Is it bad when I can tell the seriousness of neither the OP nor the responses? I should make a thread: "Just finished M1 and can't detect trolling or sarcasm. Help!"
 
Is it bad when I can tell the seriousness of neither the OP nor the responses? I should make a thread: "Just finished M1 and can't detect trolling or sarcasm. Help!"

Well gunners are supposed to suck at everything except exams/grades because they have tunnel vision on just school. So there is nothing sadder than a gunner who can't even shoot straight
 
To the OP:

I know the feeling, and it sucks. As much as I hate to say this, in the end its your attitude thats going to determine your happiness, how successful a doctor you are, and how good your grades are. I can identify with your post all too well, so I know what I'm saying will not resonate with you immediately, but trust me, a positive attitude will turn things around. I went from being a mostly Cs and a few Bs student first year to being a mostly As and some Bs student second year due to nothing more than a positive attitude.

So yeah, I feel you, I have my dreams of going ortho slowly slipping from thy grasp every day that I get closer to step, but a good attitude will maximize your grades, and in case you don't meet your own stratospheric expectations, a good attitude will help you recover and learn from your mistakes later on.

Best of luck, and never ever give up, never give in!


P.S. Don't listen to the naysayers on these boards, I've been reading them for 5? years now and almost never post, but they are all closet gunners will eat you alive if you're anything less than perfect.
 
What's this top 1% of the top 1% nonsense people keep dropping?

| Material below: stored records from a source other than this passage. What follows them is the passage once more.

(* Let $f_i$ and $f_j$ be finite set densities on finite subsets of $\mathbb{R}^d$ with cardinality pmfs $p_i,p_j$ and localisation densities $\rho_{i,n},\rho_{j,n}$, let $\omega\in[0,1]$, and let $f_\omega$, $\tilde f_\omega$, $\tilde p_\omega$, $z_\omega(n)$ be as in the context. Let $X=\{x_1,\ldots,x_n\}$ be a finite subset of $\mathbb{R}^d$ with $f_\omega(X)>0$ and $z_\omega(n)>0$. Then $\tilde f_\omega$ is pointwise inconsistent at $X$, i.e. $$\tilde f_\omega(X)<\min\{f_i(X),f_j(X)\},$$ if $$\frac{E_{\tilde p_\omega}\{z_\omega(n)\}}{z_\omega(n)}<\frac{\min\{f_i(X),f_j(X)\}}{f_\omega(X)},$$ where $E_{\tilde p_\omega}\{z_\omega(n)\}=\sum_{n'=0}^\infty\tilde p_\omega(n')z_\omega(n')$; moreover, $\frac{\min\{f_i(X),f_j(X)\}}{f_\omega(X)}\le1$.
   Context: A finite set density is written $f(\{x_1,\ldots,x_n\})=p(n)\,n!\,\rho_n(x_1,\ldots,x_n)$ with $p$ a pmf on $\{0,1,\ldots\}$ and $\rho_n$ a symmetric probability density on $(\mathbb{R}^d)^n$. For $\omega\in[0,1]$ define $z_\omega(0)=1$, $z_\omega(n)=\int\rho_{i,n}^{1-\omega}\rho_{j,n}^{\omega}\,\mathrm{d}x_1\cdots\mathrm{d}x_n$, $\rho_{\omega,n}=\rho_{i,n}^{1-\omega}\rho_{j,n}^{\omega}/z_\omega(n)$, $N_\omega=\sum_{n'}p_i^{1-\omega}(n')p_j^{\omega}(n')z_\omega(n')$, $p_\omega(n)=p_i^{1-\omega}(n)p_j^{\omega}(n)z_\omega(n)/N_\omega$. The finite set exponential mixture density is $f_\omega(X)=p_\omega(n)\,n!\,\rho_{\omega,n}(x_1,\ldots,x_n)$. Define $\tilde N_\omega=\sum_{n'}p_i^{1-\omega}(n')p_j^{\omega}(n')$, $\tilde p_\omega(n)=p_i^{1-\omega}(n)p_j^{\omega}(n)/\tilde N_\omega$ (the exponential mixture of the cardinality pmfs), and the decoupled fused density $\tilde f_\omega(X)=\tilde p_\omega(n)\,n!\,\rho_{\omega,n}(x_1,\ldots,x_n)$, where $n=|X|$. *)

theory Defs
  imports "HOL-Probability.Probability"
begin

text \<open>Real power with the convention 0^0 = 1 (so that the exponential mixture
  at omega = 0 or 1 reproduces f_i resp. f_j).\<close>
definition pw :: "real \<Rightarrow> real \<Rightarrow> real" where
  "pw x a = (if a = 0 then 1 else x powr a)"

abbreviation tuple_measure :: "nat \<Rightarrow> (nat \<Rightarrow> 'a::euclidean_space) measure" where
  "tuple_measure n \<equiv> PiM {..<n} (\<lambda>_. lborel)"

definition loc_densities :: "(nat \<Rightarrow> (nat \<Rightarrow> 'a::euclidean_space) \<Rightarrow> real) \<Rightarrow> bool" where
  "loc_densities \<rho> \<longleftrightarrow> (\<forall>n.
      \<rho> n \<in> borel_measurable (tuple_measure n)
    \<and> (\<forall>x \<in> space (tuple_measure n). 0 \<le> \<rho> n x)
    \<and> integrable (tuple_measure n) (\<rho> n)
    \<and> integral\<^sup>L (tuple_measure n) (\<rho> n) = 1
    \<and> (\<forall>\<sigma> x. \<sigma> permutes {..<n} \<longrightarrow> x \<in> space (tuple_measure n) \<longrightarrow>
          \<rho> n (restrict (x \<circ> \<sigma>) {..<n}) = \<rho> n x))"

text \<open>Finite set density f({x_1..x_n}) = p(n) n! rho_n(x_1..x_n).\<close>
definition fsd :: "nat pmf \<Rightarrow> (nat \<Rightarrow> (nat \<Rightarrow> 'a) \<Rightarrow> real) \<Rightarrow> nat \<Rightarrow> (nat \<Rightarrow> 'a) \<Rightarrow> real" where
  "fsd p \<rho> n x = pmf p n * fact n * \<rho> n x"

definition z_om :: "real \<Rightarrow> (nat \<Rightarrow> (nat \<Rightarrow> 'a::euclidean_space) \<Rightarrow> real)
    \<Rightarrow> (nat \<Rightarrow> (nat \<Rightarrow> 'a) \<Rightarrow> real) \<Rightarrow> nat \<Rightarrow> real" where
  "z_om \<omega> \<rho>i \<rho>j n = (if n = 0 then 1 else
     integral\<^sup>L (tuple_measure n) (\<lambda>x. pw (\<rho>i n x) (1 - \<omega>) * pw (\<rho>j n x) \<omega>))"

definition rho_om :: "real \<Rightarrow> (nat \<Rightarrow> (nat \<Rightarrow> 'a::euclidean_space) \<Rightarrow> real)
    \<Rightarrow> (nat \<Rightarrow> (nat \<Rightarrow> 'a) \<Rightarrow> real) \<Rightarrow> nat \<Rightarrow> (nat \<Rightarrow> 'a) \<Rightarrow> real" where
  "rho_om \<omega> \<rho>i \<rho>j n x = pw (\<rho>i n x) (1 - \<omega>) * pw (\<rho>j n x) \<omega> / z_om \<omega> \<rho>i \<rho>j n"

definition N_om :: "real \<Rightarrow> nat pmf \<Rightarrow> nat pmf \<Rightarrow> (nat \<Rightarrow> (nat \<Rightarrow> 'a::euclidean_space) \<Rightarrow> real)
    \<Rightarrow> (nat \<Rightarrow> (nat \<Rightarrow> 'a) \<Rightarrow> real) \<Rightarrow> real" where
  "N_om \<omega> pI pJ \<rho>i \<rho>j =
     (\<Sum>n'. pw (pmf pI n') (1 - \<omega>) * pw (pmf pJ n') \<omega> * z_om \<omega> \<rho>i \<rho>j n')"

definition p_om :: "real \<Rightarrow> nat pmf \<Rightarrow> nat pmf \<Rightarrow> (nat \<Rightarrow> (nat \<Rightarrow> 'a::euclidean_space) \<Rightarrow> real)
    \<Rightarrow> (nat \<Rightarrow> (nat \<Rightarrow> 'a) \<Rightarrow> real) \<Rightarrow> nat \<Rightarrow> real" where
  "p_om \<omega> pI pJ \<rho>i \<rho>j n =
     pw (pmf pI n) (1 - \<omega>) * pw (pmf pJ n) \<omega> * z_om \<omega> \<rho>i \<rho>j n / N_om \<omega> pI pJ \<rho>i \<rho>j"

definition f_om :: "real \<Rightarrow> nat pmf \<Rightarrow> nat pmf \<Rightarrow> (nat \<Rightarrow> (nat \<Rightarrow> 'a::euclidean_space) \<Rightarrow> real)
    \<Rightarrow> (nat \<Rightarrow> (nat \<Rightarrow> 'a) \<Rightarrow> real) \<Rightarrow> nat \<Rightarrow> (nat \<Rightarrow> 'a) \<Rightarrow> real" where
  "f_om \<omega> pI pJ \<rho>i \<rho>j n x = p_om \<omega> pI pJ \<rho>i \<rho>j n * fact n * rho_om \<omega> \<rho>i \<rho>j n x"

definition Nt_om :: "real \<Rightarrow> nat pmf \<Rightarrow> nat pmf \<Rightarrow> real" where
  "Nt_om \<omega> pI pJ = (\<Sum>n'. pw (pmf pI n') (1 - \<omega>) * pw (pmf pJ n') \<omega>)"

definition pt_om :: "real \<Rightarrow> nat pmf \<Rightarrow> nat pmf \<Rightarrow> nat \<Rightarrow> real" where
  "pt_om \<omega> pI pJ n = pw (pmf pI n) (1 - \<omega>) * pw (pmf pJ n) \<omega> / Nt_om \<omega> pI pJ"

You really think that if we included you, the average med student, in a random sample of 10,000 Americans you would be the smartest in the group? Maybe your numbers refer to some other criterion. I would believe the top 1% of the top 1% most inflated egos.
 
What's this top 1% of the top 1% nonsense people keep dropping? You really think that if we included you, the average med student, in a random sample of 10,000 Americans you would be the smartest in the group? Maybe your numbers refer to some other criterion. I would believe the top 1% of the top 1% most inflated egos.

Med students are smart enough to get into med school and dumb enough to actually go through with it.

As a group med students are pretty smart but most of us would not make the 30,000 smartest people in this country
 
Step back, take a breath. Realize that you are in the top 1% of the top 1% already, realize that medicine is the most difficult profession to enter and is the only one with as much training as we have to go through.

Not one of these statements is correct.

Memorizing and regurgitating biology facts hardly qualifies as massive intelligence.